Working between London and Corfu, the Greek island where she was born, Agalis Manessi has spent decades refining a deeply personal interpretation of the maiolica tradition — the historic tin-glazed earthenware technique associated with Italian Renaissance ceramics. Combining sculpture and painting with remarkable fluidity, her works feel simultaneously drawn and modelled into existence, each surface animated by gesture, colour and memory. Influenced by Renaissance painters such as Pisanello, Gentile da Fabriano and Lucas Cranach, Manessi draws upon art history not as a source of imitation, but as a living visual language through which to explore her own poetic world.

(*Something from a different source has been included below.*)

(* Let $\mathcal{S}=(P,N)$ be a sample with $P\neq\emptyset$, and let $\varphi$ be an LTL formula in negation normal form such that for every $M\in P$ and every state $s$ of $M$, $\mathrm{Pr}^{M}(s\models\varphi)=0$. Consider PLTL formulas of the form $\mathbf{P}_{>r}[\psi]$ with $r\in[0,1]$ and $\psi$ an LTL formula in negation normal form. If $\mathbf{P}_{>r}[\psi]$ is consistent with $\mathcal{S}$ and has minimal size among all consistent formulas of this form, then $\varphi$ is not a subformula of $\psi$.
   Context: A DTMC is a tuple $M=(S,s_I,P,\mathrm{AP},\ell)$ with finite state set $S$, initial state $s_I$, transition probabilities $P:S\times S\to[0,1]$, atomic propositions $\mathrm{AP}$ and labelling $\ell:S\to2^{\mathrm{AP}}$; $\mathrm{Pr}^M_s$ is the standard probability measure on infinite paths from $s$, and $\mathrm{Pr}^M(s\models\varphi)$ is the probability of the set of paths from $s$ satisfying the LTL formula $\varphi$. LTL formulas in negation normal form (NNF) are built from literals $p,\neg p$ ($p\in\mathrm{AP}$) using $\land,\lor,\mathbf{X},\mathbf{F},\mathbf{G},\mathbf{U}$ (negation only applied to atomic propositions), with the standard path semantics ($\mathbf{F}\varphi=\mathrm{true}\,\mathbf{U}\,\varphi$, $\mathbf{G}\varphi=\neg\mathbf{F}\neg\varphi$). The size of a formula is the number of occurrences of operators in $\{\mathbf{F},\mathbf{X},\mathbf{G},\mathbf{U},\land,\lor\}$ plus the number of occurrences of literals; the size of $\mathbf{P}_{>r}[\psi]$ is the size of $\psi$. A state $s$ satisfies $\mathbf{P}_{>r}[\psi]$ iff $\mathrm{Pr}^M(s\models\psi)>r$, and a DTMC satisfies it iff its initial state does. A sample $\mathcal{S}=(P,N)$ consists of finite sets $P$ (positive) and $N$ (negative) of DTMCs over the same $\mathrm{AP}$; a formula is consistent with $\mathcal{S}$ if all DTMCs in $P$ satisfy it and no DTMC in $N$ satisfies it. *)

theory Defs
  imports "HOL-Probability.Probability"
begin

What makes Manessi’s ceramics so distinctive is their refusal to separate painting from sculpture, decoration from emotion, or historical reference from personal imagination. Through dogs, cats, hares, foxes and contemplative human figures, she transforms clay into something emotionally resonant and quietly magical. Dogs emerge as noble companions shaped through expressive colour; hares and foxes embody movement, instinct and mystery; cats drift between humour and mythology; while her softly modelled figures linger in states of introspective stillness.
Across all of these works runs a common thread: the sense that every surface carries memory. Clay retains the pressure of the hand, glaze preserves the spontaneity of the brushstroke, and animals and figures alike appear as characters inhabiting an intimate, painterly universe. In Manessi’s hands, maiolica — so often associated with historical decoration — becomes experimental, lyrical and vividly alive. Her ceramics remind us that objects can still possess enchantment: that a plate, vessel or sculptural animal can become not merely an object of use, but a painted story held in the hand.

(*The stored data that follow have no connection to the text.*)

lemma sum_Pow_indicator_le:
  fixes V :: "nat set \<Rightarrow> real"
  assumes "finite s" and V_nonneg: "\<And>a. a \<subseteq> s \<Longrightarrow> 0 \<le> V a"
    and V_card: "\<And>a a'. a \<subseteq> s \<Longrightarrow> a' \<subseteq> s \<Longrightarrow> card a = card a' \<Longrightarrow> V a = V a'"
    and F: "\<And>m. real (card {a. a \<subseteq> s \<and> card a = m \<and> F a}) \<le> \<alpha> * real (card {a. a \<subseteq> s \<and> card a = m})"
  shows "(\<Sum>a\<in>Pow s. if F a then V a else 0) \<le> \<alpha> * (\<Sum>a\<in>Pow s. V a)"
proof -
  have layer: "(\<Sum>a\<in>{a. a \<subseteq> s \<and> card a = m}. if F a then V a else 0)
      \<le> \<alpha> * (\<Sum>a\<in>{a. a \<subseteq> s \<and> card a = m}. V a)" for m
  proof (cases "{a. a \<subseteq> s \<and> card a = m} = {}")
    case True
    show ?thesis by (simp add: True)
  next
    case False
    then obtain a0 where a0: "a0 \<subseteq> s" "card a0 = m" by auto
    define v where "v = V a0"
    have V: "V a = v" if "a \<in> {a. a \<subseteq> s \<and> card a = m}" for a
      unfolding v_def by (rule V_card) (use that a0 in auto)
    have "(\<Sum>a\<in>{a. a \<subseteq> s \<and> card a = m}. if F a then V a else 0)
        = v * real (card {a. a \<subseteq> s \<and> card a = m \<and> F a})"
      using \<open>finite s\<close> by (simp add: V sum.If_cases Int_def conj_commute conj_left_commute)
    also have "\<dots> \<le> v * (\<alpha> * real (card {a. a \<subseteq> s \<and> card a = m}))"
      using F V_nonneg[OF a0(1)] unfolding v_def by (rule mult_left_mono)
    also have "\<dots> = \<alpha> * (\<Sum>a\<in>{a. a \<subseteq> s \<and> card a = m}. V a)"
      by (simp add: V)
    finally show ?thesis .
  qed
  have "card ` Pow s \<subseteq> {..card s}"
    using \<open>finite s\<close> by (auto intro: card_mono)
  then have layers: "(\<Sum>a\<in>Pow s. g a) = (\<Sum>m\<le>card s. \<Sum>a\<in>{a. a \<subseteq> s \<and> card a = m}. g a)"
    for g :: "nat set \<Rightarrow> real"
    using sum.group[of "Pow s" "{..card s}" card g] \<open>finite s\<close> by simp
  show ?thesis
    unfolding layers[of "\<lambda>a. if F a then V a else 0"] layers[of V]
    by (subst sum_distrib_left) (rule sum_mono[OF layer])
qed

Dogs: Loyal Companions and Mythic Creatures.
Dogs occupy a special place in the history of painting: man’s best friend, hunter, noble companion, and attentive protector. Their graceful lines have always offered artists a compositional gift — refined profiles, arched backs, and an innate sense of poise.
For Manessi, dogs are recurring emotional presences. Reclining hounds, stretching dogs, and alert companions appear throughout her ceramics.
In Manessi’s work, canine forms are often simplified into elegant silhouettes while the painted glaze animates the surface with movement and feeling. A cobalt sweep across the spine or a sharply painted collar becomes enough to suggest personality and inner life. Her dogs seem contemplative rather than decorative — guardians, dreamers, and silent witnesses.
Hares and Foxes: Creatures of Myth and Motion
Hares have fascinated artists and storytellers since antiquity. Elusive and fleeting, their sudden appearance often feels like a prelude to something magical. For Manessi, the hare embodies precisely this sense of mystery and anticipation.
Foxes, too, recur within her visual language. Like the animals of Franz Marc, Manessi’s foxes are less zoological studies than emotional archetypes. Their elongated bodies and vivid surfaces evoke intelligence, instinct and wildness. Through colour and gesture, she transforms familiar animals into mythic presences.
Cats: Obsession and Transformation
Manessi openly embraces her fascination with cats. Throughout art history, cats have occupied contradictory roles — domestic companions, symbols of independence, creatures associated with mystery and transformation. In her ceramics, they become all of these things simultaneously.
Her cats appear as sculptural vessels, painted plaques, and hybrid decorative forms. Some stare directly at the viewer with unsettling calm; others dissolve into floral ornament or patterned glaze. There is humour in these works, but also tenderness. The cats are never caricatures. Instead, they feel psychologically present — watchful, sly, and self-possessed. Their curved bodies lend themselves naturally to the rounded contours of ceramic vessels, allowing painting and form to merge seamlessly.
Figures in Waiting
Alongside animals, Manessi creates figures that possess the same introspective stillness. There is a long tradition of representing the human form in ceramics — from the elegant simplicity of Cycladic figures that later inspired Pablo Picasso to the theatrical extravagance of Meissen porcelain parodied by Barnaby Barford.
Manessi’s figures belong to this lineage while remaining deeply contemporary. Drawn from frescoes, paintings, novels and remembered faces, they are softly modelled and gently painted, their surfaces animated through washes of oxide colour and delicate brushwork. These figures feel suspended in time — characters waiting for a narrative to unfold. Their expressions are often ambiguous, contemplative and inward-looking. Rather than striving for realism, Manessi creates emotional portraits shaped as much by memory and atmosphere as by observation.